When Israel came out of Egypt, the Passover was instituted as 'a memorial unto all generations,' or, as the same idea is otherwise expressed, 'it shall be for a sign unto thee upon thine hand.' Here God represents Himself as doing for Israel what He had bid Israel do for Him. They were, as it were, to write the supreme act of deliverance in the Exodus upon their hands, that it might never be forgotten. He writes Zion on His hands for the same purpose.
Now, of course, the text does not primarily refer to individuals, but to the community, whether Zion is understood, as the prophet understood the name, to be ancient Israel, or as the Christian Church. But the recognition of that fact should not be allowed to rob us of the preciousness of this text in its bearing on the individual. For God remembers the community, not as an abstraction or a generalised expression, but as the aggregate of all the individuals composing it. We lose sight of the particulars when we generalise. We cannot see the trees for the wood. We think of 'the Church,' and do not think of the thousands of men and women who make it up.
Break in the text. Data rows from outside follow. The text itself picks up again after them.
text \<open>
  Testing both compressions on the constant 1 shows that a lifting \<open>\<phi>\<close> of \<open>S\<^sub>p\<close> has the
  Taylor coefficients of \<open>p\<close> in all degrees \<open>\<le> m\<close>, so \<open>p\<close> is the degree-\<open>m\<close> homogeneous
  part of \<open>\<phi>\<close>. The Cauchy estimate for the slice \<open>z \<mapsto> \<phi>(z w)\<close> bounds every homogeneous
  part of a Schur function by 1 on the torus; hence \<open>|p| \<le> 1\<close> on the torus although
  \<open>\<parallel>p\<parallel>\<^sub>2 = 1\<close>. A Kronecker substitution \<open>w\<^sub>i = \<zeta>^(N^i)\<close> turns \<open>p\<close> into a one-variable
  polynomial with the same coefficients at distinct exponents. Averaging \<open>|p|\<^sup>2\<close> over the
  \<open>M\<close>-th roots of unity (\<open>M\<close> large) gives \<open>\<parallel>p\<parallel>\<^sub>2\<^sup>2 = 1\<close>, so \<open>|p| = 1\<close> at every root;
  averaging \<open>|p|\<^sup>2 \<zeta>^(-D)\<close> instead, with \<open>D\<close> the gap between the extreme exponents,
  then gives \<open>a\<^sub>k\<^sub>x conj(a\<^sub>k\<^sub>n) = 0\<close> unless \<open>D = 0\<close>, i.e. unless \<open>p\<close> is a monomial.
\<close>

section \<open>Coefficients of bounded power series\<close>

lemma power_series_coeff_bound:
  fixes G :: "nat \<Rightarrow> complex"
  assumes summable: "\<And>z. cmod z < 1 \<Longrightarrow> summable (\<lambda>t. G t * z ^ t)"
    and bounded: "\<And>z. cmod z < 1 \<Longrightarrow> cmod (\<Sum>t. G t * z ^ t) \<le> B"
  shows "cmod (G t) \<le> B"
proof -
  define F where "F = Abs_fps G"
  have radius: "fps_conv_radius F \<ge> 1"
    unfolding fps_conv_radius_def F_def
    by (rule conv_radius_geI_ex') (simp add: summable)
  have bound_\<rho>: "cmod (G t) * \<rho> ^ t \<le> B" if \<rho>: "0 < \<rho>" "\<rho> < 1" for \<rho> :: real
  proof -
    have disc: "cball 0 \<rho> \<subseteq> eball (0::complex) (fps_conv_radius F)"
    proof
      fix x :: complex assume "x \<in> cball 0 \<rho>"
      then have "ereal (cmod x) < 1" using \<rho> by simp
      then show "x \<in> eball 0 (fps_conv_radius F)" using order_less_le_trans[OF _ radius] by simp
    qed
    have cauchy: "cmod ((deriv ^^ t) (eval_fps F) 0) \<le> fact t * B / \<rho> ^ t"
    proof (rule Cauchy_inequality)
      show "eval_fps F holomorphic_on ball 0 \<rho>"
        using disc by (intro holomorphic_on_eval_fps) auto
      show "continuous_on (cball 0 \<rho>) (eval_fps F)"
        using continuous_on_eval_fps disc by (rule continuous_on_subset)
      show "cmod (eval_fps F x) \<le> B" if "cmod (0 - x) = \<rho>" for x
        using bounded[of x] that \<rho> by (simp add: eval_fps_def F_def)
    qed fact
    have coeff: "G t = (deriv ^^ t) (eval_fps F) 0 / fact t"
    proof -
      have "0 < fps_conv_radius F" using radius by (rule order_less_le_trans[rotated]) simp
      then show ?thesis using fps_nth_conv_deriv[of F t] by (simp add: F_def)
    qed
    have "cmod (G t) \<le> B / \<rho> ^ t"
      using cauchy unfolding coeff norm_divide by (simp add: divide_le_eq mult.commute)
    then show ?thesis
      using \<rho> by (simp add: field_simps)
  qed
  have "((\<lambda>\<rho>::real. cmod (G t) * \<rho> ^ t) \<longlongrightarrow> cmod (G t) * 1 ^ t) (at_left 1)"
    by (intro tendsto_intros)
  moreover have "eventually (\<lambda>\<rho>::real. cmod (G t) * \<rho> ^ t \<le> B) (at_left 1)"
    using eventually_at_left_real[of 0 "1::real"] by (rule eventually_mono) (use bound_\<rho> in auto)
  ultimately show ?thesis
    using tendsto_upperbound by fastforce
qed

section \<open>Multi-indices and compressions\<close>

lemma finite_pointwise_le: "finite {j::'n::finite \<Rightarrow> nat. \<forall>i. j i \<le> k i}"
proof (rule finite_subset)
  show "{j::'n \<Rightarrow> nat. \<forall>i. j i \<le> k i} \<subseteq> Pi\<^sub>E UNIV (\<lambda>i. {..k i})"
    by (auto simp: PiE_UNIV_domain)
qed (rule finite_PiE, auto)

lemma le_mdeg: "k i \<le> mdeg k"
  unfolding mdeg_def by (rule member_le_sum) auto

lemma finite_mdeg_le: "finite {k::'n::finite \<Rightarrow> nat. mdeg k \<le> m}"
  by (rule finite_subset[OF _ finite_pointwise_le[of "\<lambda>_. m"]]) (auto intro: order_trans[OF le_mdeg])

lemma finite_mdeg_eq: "finite {k::'n::finite \<Rightarrow> nat. mdeg k = m}"
  by (rule finite_subset[OF _ finite_mdeg_le[of m]]) auto

definition one_coeffs :: "('n::finite \<Rightarrow> nat) \<Rightarrow> complex" where
  "one_coeffs j = (if j = (\<lambda>_. 0) then 1 else 0)"

lemma one_coeffs_in_Qspace: "one_coeffs \<in> Qspace m"
  by (auto simp: Qspace_def one_coeffs_def mdeg_def)

lemma mult_coeff_one_coeffs: "mult_coeff c one_coeffs k = c k"
proof -
  have "c j * one_coeffs (\<lambda>i. k i - j i) = (if j = k then c k else 0)"
    if "\<forall>i. j i \<le> k i" for j
  proof (cases "j = k")
    case False
    then obtain i where "j i \<noteq> k i"
      by auto
    with that have "k i - j i \<noteq> 0"
      by (metis diff_is_0_eq le_antisym)
    with False show ?thesis
      by (auto simp: one_coeffs_def fun_eq_iff)
  qed (simp add: one_coeffs_def)
  then have "mult_coeff c one_coeffs k = (\<Sum>j\<in>{j. \<forall>i. j i \<le> k i}. if j = k then c k else 0)"
    unfolding mult_coeff_def by (intro sum.cong) auto
  also have "\<dots> = c k"
    using finite_pointwise_le[of k] by simp
  finally show ?thesis .
qed

lemma same_compression_coeff_eq:
  assumes "same_compression m a c" and "mdeg k \<le> m"
  shows "c k = a k"
proof -
  have "mult_coeff a one_coeffs k = mult_coeff c one_coeffs k"
    using assms one_coeffs_in_Qspace unfolding same_compression_def by blast
  then show ?thesis
    by (simp add: mult_coeff_one_coeffs)
qed

section \<open>Homogeneous parts of Schur functions\<close>

lemma monom_val_scale: "monom_val (\<lambda>i. z * w i) k = z ^ mdeg k * monom_val w k"
  unfolding monom_val_def mdeg_def by (simp add: power_mult_distrib prod.distrib power_sum)

lemma sums_homogeneous_parts:
  fixes c :: "('n::finite \<Rightarrow> nat) \<Rightarrow> complex"
  assumes "(\<lambda>k. c k * monom_val (\<lambda>i. z * w i) k) summable_on UNIV"
  shows "(\<lambda>t. (\<Sum>k | mdeg k = t. c k * monom_val w k) * z ^ t) sums
           (\<Sum>\<^sub>\<infinity>k. c k * monom_val (\<lambda>i. z * w i) k)"
proof -
  define f where "f = (\<lambda>k. c k * monom_val (\<lambda>i. z * w i) k)"
  have "(f has_sum (\<Sum>\<^sub>\<infinity>k. f k)) UNIV"
    using assms by (simp add: f_def)
  also have "?this \<longleftrightarrow> ((\<lambda>p. f (snd p)) has_sum (\<Sum>\<^sub>\<infinity>k. f k)) (SIGMA t:UNIV. {k. mdeg k = t})"
    by (rule has_sum_reindex_bij_witness[where i = snd and j = "\<lambda>k. (mdeg k, k)"]) auto
  finally have "((\<lambda>t. \<Sum>k | mdeg k = t. f k) has_sum (\<Sum>\<^sub>\<infinity>k. f k)) UNIV"
    by (rule has_sum_SigmaD) (auto intro: has_sum_finite finite_mdeg_eq)
  moreover have "(\<Sum>k | mdeg k = t. f k) = (\<Sum>k | mdeg k = t. c k * monom_val w k) * z ^ t" for t
    unfolding f_def monom_val_scale sum_distrib_right by (rule sum.cong) auto
  ultimately show ?thesis
    unfolding f_def by (auto dest: has_sum_imp_sums)
qed

lemma schur_class_homogeneous_part_bound:
  fixes c :: "('n::finite \<Rightarrow> nat) \<Rightarrow> complex"
  assumes "schur_class c" and "\<And>i. cmod (w i) \<le> 1"
  shows "cmod (\<Sum>k | mdeg k = t. c k * monom_val w k) \<le> 1"
proof (rule power_series_coeff_bound)
  fix z :: complex assume z: "cmod z < 1"
  have "cmod (z * w i) \<le> cmod z" for i
    using assms(2) by (simp add: norm_mult mult_left_le)
  then have "\<forall>i. cmod (z * w i) < 1"
    using z order.strict_trans1 by blast
  then have abs_summable: "(\<lambda>k. cmod (c k * monom_val (\<lambda>i. z * w i) k)) summable_on UNIV"
    and bound: "cmod (\<Sum>\<^sub>\<infinity>k. c k * monom_val (\<lambda>i. z * w i) k) \<le> 1"
    using assms(1) unfolding schur_class_def by auto
  from abs_summable have "(\<lambda>k. c k * monom_val (\<lambda>i. z * w i) k) summable_on UNIV"
    by (rule abs_summable_summable)
  then have "(\<lambda>t. (\<Sum>k | mdeg k = t. c k * monom_val w k) * z ^ t) sums
               (\<Sum>\<^sub>\<infinity>k. c k * monom_val (\<lambda>i. z * w i) k)"
    by (rule sums_homogeneous_parts)
  then show "summable (\<lambda>t. (\<Sum>k | mdeg k = t. c k * monom_val w k) * z ^ t)"
    and "cmod (\<Sum>t. (\<Sum>k | mdeg k = t. c k * monom_val w k) * z ^ t) \<le> 1"
    using bound by (auto simp: sums_iff)
qed

lemma same_compression_torus_bound:
  assumes "schur_class c" and "same_compression m a c" and "a \<in> Hhom m"
    and "\<And>i. cmod (w i) \<le> 1"
  shows "cmod (\<Sum>k | mdeg k \<le> m. a k * monom_val w k) \<le> 1"
proof -
  have "(\<Sum>k | mdeg k \<le> m. a k * monom_val w k) = (\<Sum>k | mdeg k = m. c k * monom_val w k)"
    using assms(3) same_compression_coeff_eq[OF assms(2)]
    by (intro sum.mono_neutral_cong_right finite_mdeg_le) (auto simp: Hhom_def)
  also have "cmod \<dots> \<le> 1"
    using assms(1,4) by (rule schur_class_homogeneous_part_bound)
  finally show ?thesis .
qed

section \<open>Roots of unity\<close>

definition unit_root :: "nat \<Rightarrow> nat \<Rightarrow> complex" where
  "unit_root M j = cis (2 * pi * real j / real M)"

lemma norm_unit_root [simp]: "cmod (unit_root M j) = 1"
  by (simp add: unit_root_def)

lemma unit_root_mult_cnj [simp]: "unit_root M j * cnj (unit_root M j) = 1"
  using complex_norm_square[of "unit_root M j"] by simp

lemma sum_unit_root_power:
  assumes "d < M"
  shows "(\<Sum>j<M. unit_root M j ^ d) = (if d = 0 then of_nat M else 0)"
proof (cases "d = 0")
  case False
  define \<omega> where "\<omega> = unit_root M d"
  have power_swap: "unit_root M j ^ d = \<omega> ^ j" for j
    unfolding \<omega>_def unit_root_def Complex.DeMoivre by (simp add: mult_ac)
  have roots: "bij_betw (unit_root M) {..<M} {z. z ^ M = 1}"
    unfolding unit_root_def using assms by (intro Complex.bij_betw_roots_unity) simp
  have "\<omega> \<noteq> unit_root M 0"
    unfolding \<omega>_def using inj_on_eq_iff[OF bij_betw_imp_inj_on[OF roots]] False assms by simp
  then have "\<omega> \<noteq> 1"
    by (simp add: unit_root_def)
  moreover have "\<omega> ^ M = 1"
    using bij_betw_apply[OF roots] assms unfolding \<omega>_def by simp
  ultimately have "(\<Sum>j<M. \<omega> ^ j) = 0"
    by (simp add: geometric_sum)
  then show ?thesis
    using False by (simp add: power_swap)
qed simp

lemma power_mult_cnj_power:
  fixes z :: complex
  assumes "z * cnj z = 1"
  shows "z ^ p * cnj z ^ q = (if q \<le> p then z ^ (p - q) else cnj z ^ (q - p))"
proof (cases "q \<le> p")
  case True
  then obtain d where "p = q + d"
    using le_Suc_ex by blast
  then show ?thesis
    using assms by (simp add: power_add mult_ac flip: power_mult_distrib)
next
  case False
  then obtain d where "q = p + d"
    using le_Suc_ex[of p q] by auto
  then show ?thesis
    using assms by (simp add: power_add mult_ac flip: power_mult_distrib)
qed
We cannot discern the separate stars in the galaxy. But God's eye resolves what to us is a nebula, and to Him every single glittering point of light hangs rounded and separate in the heaven. Therefore this assurance of our text is to be taken by every single soul that loves God, and trusts Him through Jesus Christ, as belonging to it, as though there were not another creature on earth but itself.
'The sun whose beams most glorious are,
Disdaineth no beholder.'
Its light floods the world, yet seems to go straight into the eyeball of every man that looks at it. And such is the divine love and remembrance. There is no jostling nor confusion in the wide space of the heart of God. They that go before shall not hinder them that come after. The hungry crowd sat down in companies on the green grass, and the first fifty, no doubt, were envied by the last of the hundred fifties that made up the five thousand, and wondered whether the five loaves and the two small fishes could go round, but the last fed full as did the first. The great promise of our text belongs to me and thee, and therefore belongs to us all.